Records contained in a dataset:
+++

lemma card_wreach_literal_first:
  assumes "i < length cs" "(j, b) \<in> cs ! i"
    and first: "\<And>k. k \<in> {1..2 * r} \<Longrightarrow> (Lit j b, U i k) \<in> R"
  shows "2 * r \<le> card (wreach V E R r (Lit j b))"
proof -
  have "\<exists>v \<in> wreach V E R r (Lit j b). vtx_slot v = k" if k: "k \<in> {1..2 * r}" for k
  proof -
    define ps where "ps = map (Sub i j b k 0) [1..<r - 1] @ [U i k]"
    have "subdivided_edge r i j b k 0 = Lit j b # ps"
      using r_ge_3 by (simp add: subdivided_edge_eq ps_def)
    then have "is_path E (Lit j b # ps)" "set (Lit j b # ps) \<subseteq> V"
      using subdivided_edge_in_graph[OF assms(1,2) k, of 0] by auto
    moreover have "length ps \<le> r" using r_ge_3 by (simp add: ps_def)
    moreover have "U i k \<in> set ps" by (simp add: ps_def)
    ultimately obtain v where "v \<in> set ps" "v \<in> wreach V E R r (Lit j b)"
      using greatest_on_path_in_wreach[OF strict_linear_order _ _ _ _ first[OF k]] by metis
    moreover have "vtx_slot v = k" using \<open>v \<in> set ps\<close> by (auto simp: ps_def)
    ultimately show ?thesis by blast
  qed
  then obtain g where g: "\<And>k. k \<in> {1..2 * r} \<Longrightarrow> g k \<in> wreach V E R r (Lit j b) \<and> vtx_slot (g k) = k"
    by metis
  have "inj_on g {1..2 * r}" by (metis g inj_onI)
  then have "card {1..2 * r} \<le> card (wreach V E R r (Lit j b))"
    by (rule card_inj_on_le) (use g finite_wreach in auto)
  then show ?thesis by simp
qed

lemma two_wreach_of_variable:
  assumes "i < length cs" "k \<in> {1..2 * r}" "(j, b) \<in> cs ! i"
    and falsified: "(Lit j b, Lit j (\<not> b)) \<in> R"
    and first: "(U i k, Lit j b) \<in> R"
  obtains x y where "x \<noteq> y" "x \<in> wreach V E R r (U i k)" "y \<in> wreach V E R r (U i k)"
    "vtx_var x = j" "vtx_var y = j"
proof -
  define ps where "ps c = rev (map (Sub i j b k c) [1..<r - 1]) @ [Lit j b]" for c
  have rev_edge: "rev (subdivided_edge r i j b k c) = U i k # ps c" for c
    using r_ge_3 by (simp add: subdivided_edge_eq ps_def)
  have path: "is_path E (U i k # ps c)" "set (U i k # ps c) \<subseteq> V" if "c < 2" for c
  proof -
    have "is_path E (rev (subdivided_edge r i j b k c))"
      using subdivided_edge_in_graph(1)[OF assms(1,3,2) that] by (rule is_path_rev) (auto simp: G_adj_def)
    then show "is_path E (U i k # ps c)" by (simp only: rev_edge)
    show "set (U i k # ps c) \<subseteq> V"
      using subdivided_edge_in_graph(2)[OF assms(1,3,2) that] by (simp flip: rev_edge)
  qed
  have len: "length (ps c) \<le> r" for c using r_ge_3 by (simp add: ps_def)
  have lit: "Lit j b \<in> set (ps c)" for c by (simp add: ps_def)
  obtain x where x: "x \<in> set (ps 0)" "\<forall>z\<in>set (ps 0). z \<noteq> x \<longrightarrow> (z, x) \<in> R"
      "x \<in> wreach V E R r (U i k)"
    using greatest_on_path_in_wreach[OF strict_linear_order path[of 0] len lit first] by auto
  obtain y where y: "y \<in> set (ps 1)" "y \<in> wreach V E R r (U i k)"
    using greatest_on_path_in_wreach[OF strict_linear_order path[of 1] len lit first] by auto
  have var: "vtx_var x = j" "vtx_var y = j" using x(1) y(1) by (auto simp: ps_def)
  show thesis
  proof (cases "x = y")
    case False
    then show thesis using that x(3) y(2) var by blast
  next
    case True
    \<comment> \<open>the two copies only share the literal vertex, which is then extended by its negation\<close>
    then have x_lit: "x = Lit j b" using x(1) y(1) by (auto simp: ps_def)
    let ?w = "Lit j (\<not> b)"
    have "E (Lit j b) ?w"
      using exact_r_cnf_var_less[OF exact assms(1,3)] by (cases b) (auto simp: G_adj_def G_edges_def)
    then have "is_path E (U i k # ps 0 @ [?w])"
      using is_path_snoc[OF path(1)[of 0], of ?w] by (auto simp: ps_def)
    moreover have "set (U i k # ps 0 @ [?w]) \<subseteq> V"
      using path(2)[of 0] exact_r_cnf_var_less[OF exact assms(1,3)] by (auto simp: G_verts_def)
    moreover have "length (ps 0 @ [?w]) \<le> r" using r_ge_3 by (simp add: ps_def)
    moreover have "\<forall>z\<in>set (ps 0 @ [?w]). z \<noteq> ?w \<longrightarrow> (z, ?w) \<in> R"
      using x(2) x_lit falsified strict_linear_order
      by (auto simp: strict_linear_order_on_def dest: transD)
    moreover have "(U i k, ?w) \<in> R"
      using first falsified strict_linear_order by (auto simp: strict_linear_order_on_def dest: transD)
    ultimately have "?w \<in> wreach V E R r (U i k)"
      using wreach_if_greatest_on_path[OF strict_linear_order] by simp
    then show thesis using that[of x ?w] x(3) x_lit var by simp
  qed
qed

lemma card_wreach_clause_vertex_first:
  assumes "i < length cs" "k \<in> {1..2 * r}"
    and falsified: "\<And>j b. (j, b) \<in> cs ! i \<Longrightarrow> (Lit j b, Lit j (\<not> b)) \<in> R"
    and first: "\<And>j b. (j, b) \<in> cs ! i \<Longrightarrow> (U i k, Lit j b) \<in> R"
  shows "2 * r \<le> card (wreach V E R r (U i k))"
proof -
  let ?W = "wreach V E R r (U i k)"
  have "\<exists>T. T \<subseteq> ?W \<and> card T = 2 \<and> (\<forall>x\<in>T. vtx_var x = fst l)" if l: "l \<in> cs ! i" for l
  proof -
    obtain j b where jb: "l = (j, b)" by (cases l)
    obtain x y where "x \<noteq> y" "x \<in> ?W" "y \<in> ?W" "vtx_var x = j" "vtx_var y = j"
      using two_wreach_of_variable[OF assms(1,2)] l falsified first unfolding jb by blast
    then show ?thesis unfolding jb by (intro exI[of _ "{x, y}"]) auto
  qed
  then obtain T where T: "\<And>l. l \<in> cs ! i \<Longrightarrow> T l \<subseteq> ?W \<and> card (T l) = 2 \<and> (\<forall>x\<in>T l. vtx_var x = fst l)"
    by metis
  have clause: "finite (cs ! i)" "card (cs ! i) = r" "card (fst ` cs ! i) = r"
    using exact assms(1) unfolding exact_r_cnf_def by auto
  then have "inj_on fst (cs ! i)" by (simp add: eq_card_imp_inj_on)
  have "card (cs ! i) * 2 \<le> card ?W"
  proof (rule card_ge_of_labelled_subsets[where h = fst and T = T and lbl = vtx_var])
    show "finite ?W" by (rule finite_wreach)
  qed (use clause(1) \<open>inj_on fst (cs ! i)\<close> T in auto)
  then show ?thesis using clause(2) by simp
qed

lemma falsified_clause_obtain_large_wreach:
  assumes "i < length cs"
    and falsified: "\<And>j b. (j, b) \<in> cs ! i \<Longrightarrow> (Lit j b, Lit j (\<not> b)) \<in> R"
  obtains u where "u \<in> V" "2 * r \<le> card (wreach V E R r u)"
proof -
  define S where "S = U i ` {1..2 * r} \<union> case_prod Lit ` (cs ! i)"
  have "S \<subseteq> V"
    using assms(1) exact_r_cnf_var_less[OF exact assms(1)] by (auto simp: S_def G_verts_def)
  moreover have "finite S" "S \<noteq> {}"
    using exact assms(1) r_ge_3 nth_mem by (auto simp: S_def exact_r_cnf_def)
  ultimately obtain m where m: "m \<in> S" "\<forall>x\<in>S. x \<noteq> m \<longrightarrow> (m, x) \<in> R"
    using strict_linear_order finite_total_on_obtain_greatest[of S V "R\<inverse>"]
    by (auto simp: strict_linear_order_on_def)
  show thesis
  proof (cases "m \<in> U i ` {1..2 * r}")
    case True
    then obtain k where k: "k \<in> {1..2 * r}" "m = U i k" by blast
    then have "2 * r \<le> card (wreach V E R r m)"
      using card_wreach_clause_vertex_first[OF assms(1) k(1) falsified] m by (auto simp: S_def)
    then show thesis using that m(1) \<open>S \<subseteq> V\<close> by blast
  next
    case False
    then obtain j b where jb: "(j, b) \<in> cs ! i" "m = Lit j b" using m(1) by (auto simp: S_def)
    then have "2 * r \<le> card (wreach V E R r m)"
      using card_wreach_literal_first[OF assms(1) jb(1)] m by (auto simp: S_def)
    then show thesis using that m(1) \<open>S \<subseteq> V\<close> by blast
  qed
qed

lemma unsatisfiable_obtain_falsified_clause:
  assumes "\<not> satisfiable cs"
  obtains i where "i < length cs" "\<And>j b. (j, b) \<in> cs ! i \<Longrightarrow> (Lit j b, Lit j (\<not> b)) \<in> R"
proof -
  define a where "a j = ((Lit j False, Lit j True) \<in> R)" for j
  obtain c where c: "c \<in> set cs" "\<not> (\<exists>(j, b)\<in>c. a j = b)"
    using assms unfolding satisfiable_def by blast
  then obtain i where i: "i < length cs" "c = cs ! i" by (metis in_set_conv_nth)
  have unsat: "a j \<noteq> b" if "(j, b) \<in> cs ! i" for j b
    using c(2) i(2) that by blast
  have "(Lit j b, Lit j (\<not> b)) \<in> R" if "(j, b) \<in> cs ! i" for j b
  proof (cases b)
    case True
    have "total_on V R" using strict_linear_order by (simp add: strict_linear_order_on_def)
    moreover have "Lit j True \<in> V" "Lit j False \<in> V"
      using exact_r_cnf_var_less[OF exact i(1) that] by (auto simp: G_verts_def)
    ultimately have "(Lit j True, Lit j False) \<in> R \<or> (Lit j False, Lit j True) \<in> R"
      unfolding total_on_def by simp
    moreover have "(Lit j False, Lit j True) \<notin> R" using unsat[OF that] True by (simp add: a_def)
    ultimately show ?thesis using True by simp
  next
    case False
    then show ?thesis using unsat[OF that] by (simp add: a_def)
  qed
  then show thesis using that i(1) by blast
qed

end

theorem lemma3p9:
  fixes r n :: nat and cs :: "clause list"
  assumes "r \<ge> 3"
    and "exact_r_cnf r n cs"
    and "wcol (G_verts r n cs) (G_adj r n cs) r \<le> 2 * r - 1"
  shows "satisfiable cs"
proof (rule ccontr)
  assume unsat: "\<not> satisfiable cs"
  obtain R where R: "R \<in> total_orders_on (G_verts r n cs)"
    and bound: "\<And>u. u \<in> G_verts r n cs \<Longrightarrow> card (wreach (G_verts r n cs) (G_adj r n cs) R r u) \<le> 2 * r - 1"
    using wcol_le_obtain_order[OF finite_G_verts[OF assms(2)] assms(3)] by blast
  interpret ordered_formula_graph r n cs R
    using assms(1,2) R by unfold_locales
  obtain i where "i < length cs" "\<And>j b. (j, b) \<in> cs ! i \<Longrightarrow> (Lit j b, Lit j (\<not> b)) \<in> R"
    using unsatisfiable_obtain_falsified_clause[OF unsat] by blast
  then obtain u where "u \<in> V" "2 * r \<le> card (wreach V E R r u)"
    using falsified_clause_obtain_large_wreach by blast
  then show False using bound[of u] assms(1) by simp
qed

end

+++

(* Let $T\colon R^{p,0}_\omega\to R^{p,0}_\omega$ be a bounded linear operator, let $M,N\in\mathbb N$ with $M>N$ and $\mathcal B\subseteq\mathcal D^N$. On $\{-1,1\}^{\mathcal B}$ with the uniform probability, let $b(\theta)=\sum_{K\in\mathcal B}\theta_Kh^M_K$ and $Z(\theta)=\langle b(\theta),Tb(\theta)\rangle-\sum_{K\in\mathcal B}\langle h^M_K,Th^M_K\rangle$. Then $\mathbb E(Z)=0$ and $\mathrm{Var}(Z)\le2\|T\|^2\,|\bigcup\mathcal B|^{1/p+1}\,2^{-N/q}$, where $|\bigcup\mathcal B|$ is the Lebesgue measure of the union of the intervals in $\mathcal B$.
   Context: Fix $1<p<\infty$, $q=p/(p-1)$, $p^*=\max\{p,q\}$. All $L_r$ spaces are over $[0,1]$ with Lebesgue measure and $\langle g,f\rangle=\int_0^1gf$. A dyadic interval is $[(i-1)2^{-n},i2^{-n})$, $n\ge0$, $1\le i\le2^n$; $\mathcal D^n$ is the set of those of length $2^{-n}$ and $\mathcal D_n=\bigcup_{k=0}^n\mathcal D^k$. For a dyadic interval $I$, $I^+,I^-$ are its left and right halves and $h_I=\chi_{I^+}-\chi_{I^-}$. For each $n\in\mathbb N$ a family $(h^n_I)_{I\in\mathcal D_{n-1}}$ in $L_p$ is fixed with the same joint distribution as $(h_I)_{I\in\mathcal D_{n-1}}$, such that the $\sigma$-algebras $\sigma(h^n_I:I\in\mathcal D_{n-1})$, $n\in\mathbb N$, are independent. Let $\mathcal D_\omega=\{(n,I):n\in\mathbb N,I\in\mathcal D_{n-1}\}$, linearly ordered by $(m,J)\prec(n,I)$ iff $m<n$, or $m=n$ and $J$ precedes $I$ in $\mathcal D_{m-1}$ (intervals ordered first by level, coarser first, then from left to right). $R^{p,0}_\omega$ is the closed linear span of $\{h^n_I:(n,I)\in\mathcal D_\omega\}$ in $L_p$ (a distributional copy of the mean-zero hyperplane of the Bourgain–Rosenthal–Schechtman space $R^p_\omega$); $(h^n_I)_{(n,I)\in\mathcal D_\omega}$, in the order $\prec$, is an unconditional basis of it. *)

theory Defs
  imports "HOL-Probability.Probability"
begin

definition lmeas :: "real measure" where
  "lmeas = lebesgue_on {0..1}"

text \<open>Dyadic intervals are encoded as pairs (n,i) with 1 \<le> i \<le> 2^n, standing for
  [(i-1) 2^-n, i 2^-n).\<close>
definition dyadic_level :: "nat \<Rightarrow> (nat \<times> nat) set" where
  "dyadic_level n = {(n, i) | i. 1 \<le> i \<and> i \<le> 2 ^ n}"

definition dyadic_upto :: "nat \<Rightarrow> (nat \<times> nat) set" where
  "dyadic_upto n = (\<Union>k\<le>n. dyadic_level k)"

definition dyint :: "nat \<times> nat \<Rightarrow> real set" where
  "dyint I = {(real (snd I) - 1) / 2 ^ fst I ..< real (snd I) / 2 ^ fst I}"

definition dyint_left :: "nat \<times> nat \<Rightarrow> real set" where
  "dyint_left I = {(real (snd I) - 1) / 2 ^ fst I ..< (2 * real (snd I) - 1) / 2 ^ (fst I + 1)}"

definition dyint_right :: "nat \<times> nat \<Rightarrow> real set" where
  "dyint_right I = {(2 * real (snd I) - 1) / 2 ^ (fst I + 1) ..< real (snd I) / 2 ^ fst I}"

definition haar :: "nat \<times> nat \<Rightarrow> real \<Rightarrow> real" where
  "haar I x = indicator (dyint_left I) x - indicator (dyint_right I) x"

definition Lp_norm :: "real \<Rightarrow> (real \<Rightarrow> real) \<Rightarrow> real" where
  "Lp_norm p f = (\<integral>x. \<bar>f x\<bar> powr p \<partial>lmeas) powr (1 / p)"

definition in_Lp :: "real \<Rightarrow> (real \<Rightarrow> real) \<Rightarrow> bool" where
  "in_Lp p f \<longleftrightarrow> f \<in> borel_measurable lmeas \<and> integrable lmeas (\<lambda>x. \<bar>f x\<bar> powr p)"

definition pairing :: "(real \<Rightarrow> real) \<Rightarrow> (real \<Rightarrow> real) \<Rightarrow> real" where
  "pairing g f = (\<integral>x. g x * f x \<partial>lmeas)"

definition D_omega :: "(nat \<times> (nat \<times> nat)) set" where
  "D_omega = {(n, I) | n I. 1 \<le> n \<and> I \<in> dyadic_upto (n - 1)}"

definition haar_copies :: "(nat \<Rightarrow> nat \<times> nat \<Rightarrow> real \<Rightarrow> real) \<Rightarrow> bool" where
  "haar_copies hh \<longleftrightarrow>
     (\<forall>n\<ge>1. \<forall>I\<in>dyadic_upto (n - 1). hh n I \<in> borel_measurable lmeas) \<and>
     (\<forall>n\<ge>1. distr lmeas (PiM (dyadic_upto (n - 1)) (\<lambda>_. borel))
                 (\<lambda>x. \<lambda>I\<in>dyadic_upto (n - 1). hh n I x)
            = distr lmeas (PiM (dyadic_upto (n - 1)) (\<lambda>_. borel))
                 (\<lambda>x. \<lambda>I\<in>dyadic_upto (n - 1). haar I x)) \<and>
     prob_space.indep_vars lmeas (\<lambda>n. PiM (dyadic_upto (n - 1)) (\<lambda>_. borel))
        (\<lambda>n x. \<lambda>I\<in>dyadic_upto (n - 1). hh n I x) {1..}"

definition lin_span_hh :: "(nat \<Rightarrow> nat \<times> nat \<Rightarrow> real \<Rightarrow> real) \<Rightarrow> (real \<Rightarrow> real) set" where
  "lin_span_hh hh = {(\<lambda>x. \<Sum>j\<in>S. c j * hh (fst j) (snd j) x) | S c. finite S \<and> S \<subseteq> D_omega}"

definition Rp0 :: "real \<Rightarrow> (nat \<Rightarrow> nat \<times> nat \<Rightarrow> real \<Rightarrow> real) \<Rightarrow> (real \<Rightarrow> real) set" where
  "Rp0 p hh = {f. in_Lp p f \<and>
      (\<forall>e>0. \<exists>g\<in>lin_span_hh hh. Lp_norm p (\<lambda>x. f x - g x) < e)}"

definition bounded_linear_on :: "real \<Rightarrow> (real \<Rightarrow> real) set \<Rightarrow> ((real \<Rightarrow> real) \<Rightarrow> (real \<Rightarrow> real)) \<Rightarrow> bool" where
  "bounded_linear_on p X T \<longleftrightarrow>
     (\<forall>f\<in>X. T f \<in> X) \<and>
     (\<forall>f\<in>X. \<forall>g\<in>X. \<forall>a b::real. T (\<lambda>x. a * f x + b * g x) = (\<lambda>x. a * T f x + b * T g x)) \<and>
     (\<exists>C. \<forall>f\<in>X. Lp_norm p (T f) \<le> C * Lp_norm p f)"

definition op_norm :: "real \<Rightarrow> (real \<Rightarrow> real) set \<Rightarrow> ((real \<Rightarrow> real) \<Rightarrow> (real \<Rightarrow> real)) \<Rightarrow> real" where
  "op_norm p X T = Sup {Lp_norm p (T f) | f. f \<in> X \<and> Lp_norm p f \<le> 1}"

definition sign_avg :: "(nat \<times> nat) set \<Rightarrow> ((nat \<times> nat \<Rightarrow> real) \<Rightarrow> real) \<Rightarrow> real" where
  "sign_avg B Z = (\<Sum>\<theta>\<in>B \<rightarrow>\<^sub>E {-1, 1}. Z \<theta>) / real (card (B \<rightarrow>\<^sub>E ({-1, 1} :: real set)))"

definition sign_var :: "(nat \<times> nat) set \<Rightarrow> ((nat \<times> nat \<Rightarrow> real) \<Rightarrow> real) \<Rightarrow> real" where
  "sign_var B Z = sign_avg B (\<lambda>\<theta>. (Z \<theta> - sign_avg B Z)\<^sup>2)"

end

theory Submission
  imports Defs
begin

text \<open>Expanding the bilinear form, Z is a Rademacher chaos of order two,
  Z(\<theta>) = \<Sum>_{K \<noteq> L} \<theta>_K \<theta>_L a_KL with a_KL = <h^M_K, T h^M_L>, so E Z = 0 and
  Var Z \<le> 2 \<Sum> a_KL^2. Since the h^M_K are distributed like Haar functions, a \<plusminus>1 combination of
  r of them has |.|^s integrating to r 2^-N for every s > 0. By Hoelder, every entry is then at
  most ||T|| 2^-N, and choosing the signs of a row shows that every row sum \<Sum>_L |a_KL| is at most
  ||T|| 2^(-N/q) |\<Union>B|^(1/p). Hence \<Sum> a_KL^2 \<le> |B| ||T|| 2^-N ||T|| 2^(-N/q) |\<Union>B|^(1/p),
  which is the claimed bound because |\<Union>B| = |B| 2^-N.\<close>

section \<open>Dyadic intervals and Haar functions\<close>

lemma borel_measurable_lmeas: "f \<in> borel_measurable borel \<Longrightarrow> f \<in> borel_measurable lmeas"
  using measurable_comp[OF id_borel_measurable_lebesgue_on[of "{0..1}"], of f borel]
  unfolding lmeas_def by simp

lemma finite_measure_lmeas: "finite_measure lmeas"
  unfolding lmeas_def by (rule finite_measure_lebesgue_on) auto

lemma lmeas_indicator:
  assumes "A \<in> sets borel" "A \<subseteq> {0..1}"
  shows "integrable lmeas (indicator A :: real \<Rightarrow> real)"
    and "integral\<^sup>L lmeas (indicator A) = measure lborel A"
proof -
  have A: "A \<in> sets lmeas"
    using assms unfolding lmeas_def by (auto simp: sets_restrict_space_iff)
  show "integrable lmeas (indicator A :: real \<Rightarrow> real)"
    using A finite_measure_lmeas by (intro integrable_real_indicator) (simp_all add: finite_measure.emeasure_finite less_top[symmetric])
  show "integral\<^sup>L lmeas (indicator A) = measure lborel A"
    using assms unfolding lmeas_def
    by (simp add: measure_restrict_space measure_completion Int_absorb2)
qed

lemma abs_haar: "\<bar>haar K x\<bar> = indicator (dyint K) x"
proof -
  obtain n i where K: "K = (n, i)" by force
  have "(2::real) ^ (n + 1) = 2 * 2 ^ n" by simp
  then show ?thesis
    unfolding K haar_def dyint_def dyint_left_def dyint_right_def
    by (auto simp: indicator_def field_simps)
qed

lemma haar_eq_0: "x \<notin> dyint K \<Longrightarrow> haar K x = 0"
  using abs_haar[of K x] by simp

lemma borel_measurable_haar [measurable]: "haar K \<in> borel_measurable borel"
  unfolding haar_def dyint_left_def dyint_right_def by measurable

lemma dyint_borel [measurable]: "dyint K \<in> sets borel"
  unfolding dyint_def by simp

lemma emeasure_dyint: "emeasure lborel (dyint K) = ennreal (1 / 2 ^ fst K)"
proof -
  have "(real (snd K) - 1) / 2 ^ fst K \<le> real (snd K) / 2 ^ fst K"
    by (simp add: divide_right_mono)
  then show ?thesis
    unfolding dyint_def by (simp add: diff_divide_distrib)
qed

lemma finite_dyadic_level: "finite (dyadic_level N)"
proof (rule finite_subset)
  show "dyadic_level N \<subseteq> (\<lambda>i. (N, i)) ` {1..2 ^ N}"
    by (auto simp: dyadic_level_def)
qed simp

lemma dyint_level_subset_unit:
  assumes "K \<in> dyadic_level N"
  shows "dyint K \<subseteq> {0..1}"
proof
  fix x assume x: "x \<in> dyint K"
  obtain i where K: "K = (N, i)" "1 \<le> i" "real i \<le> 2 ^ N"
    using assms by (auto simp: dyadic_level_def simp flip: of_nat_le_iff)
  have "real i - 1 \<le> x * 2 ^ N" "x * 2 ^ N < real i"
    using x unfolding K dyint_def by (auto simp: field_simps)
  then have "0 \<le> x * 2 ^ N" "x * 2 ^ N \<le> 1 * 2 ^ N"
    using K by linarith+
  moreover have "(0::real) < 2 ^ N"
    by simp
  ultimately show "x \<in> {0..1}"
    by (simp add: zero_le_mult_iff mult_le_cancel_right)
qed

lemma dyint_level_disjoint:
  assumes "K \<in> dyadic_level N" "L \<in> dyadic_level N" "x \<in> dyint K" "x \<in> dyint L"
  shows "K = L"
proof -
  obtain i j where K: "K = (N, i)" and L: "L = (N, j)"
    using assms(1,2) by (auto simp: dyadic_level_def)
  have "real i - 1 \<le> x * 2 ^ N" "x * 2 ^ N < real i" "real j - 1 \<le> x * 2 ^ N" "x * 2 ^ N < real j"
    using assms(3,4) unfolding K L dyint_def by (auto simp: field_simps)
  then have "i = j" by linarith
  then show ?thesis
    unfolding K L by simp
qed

+++

§ Task details:
With the line that has "using measurable_comp[OF id_borel_measurable_lebesgue_on[of" as the first and the line that has "using abs_haar[of K x] by simp" as the last, repeat exactly that run of lines above and no more.

§ Exercise answer:
  using measurable_comp[OF id_borel_measurable_lebesgue_on[of "{0..1}"], of f borel]
  unfolding lmeas_def by simp

lemma finite_measure_lmeas: "finite_measure lmeas"
  unfolding lmeas_def by (rule finite_measure_lebesgue_on) auto

lemma lmeas_indicator:
  assumes "A \<in> sets borel" "A \<subseteq> {0..1}"
  shows "integrable lmeas (indicator A :: real \<Rightarrow> real)"
    and "integral\<^sup>L lmeas (indicator A) = measure lborel A"
proof -
  have A: "A \<in> sets lmeas"
    using assms unfolding lmeas_def by (auto simp: sets_restrict_space_iff)
  show "integrable lmeas (indicator A :: real \<Rightarrow> real)"
    using A finite_measure_lmeas by (intro integrable_real_indicator) (simp_all add: finite_measure.emeasure_finite less_top[symmetric])
  show "integral\<^sup>L lmeas (indicator A) = measure lborel A"
    using assms unfolding lmeas_def
    by (simp add: measure_restrict_space measure_completion Int_absorb2)
qed

lemma abs_haar: "\<bar>haar K x\<bar> = indicator (dyint K) x"
proof -
  obtain n i where K: "K = (n, i)" by force
  have "(2::real) ^ (n + 1) = 2 * 2 ^ n" by simp
  then show ?thesis
    unfolding K haar_def dyint_def dyint_left_def dyint_right_def
    by (auto simp: indicator_def field_simps)
qed

lemma haar_eq_0: "x \<notin> dyint K \<Longrightarrow> haar K x = 0"
  using abs_haar[of K x] by simp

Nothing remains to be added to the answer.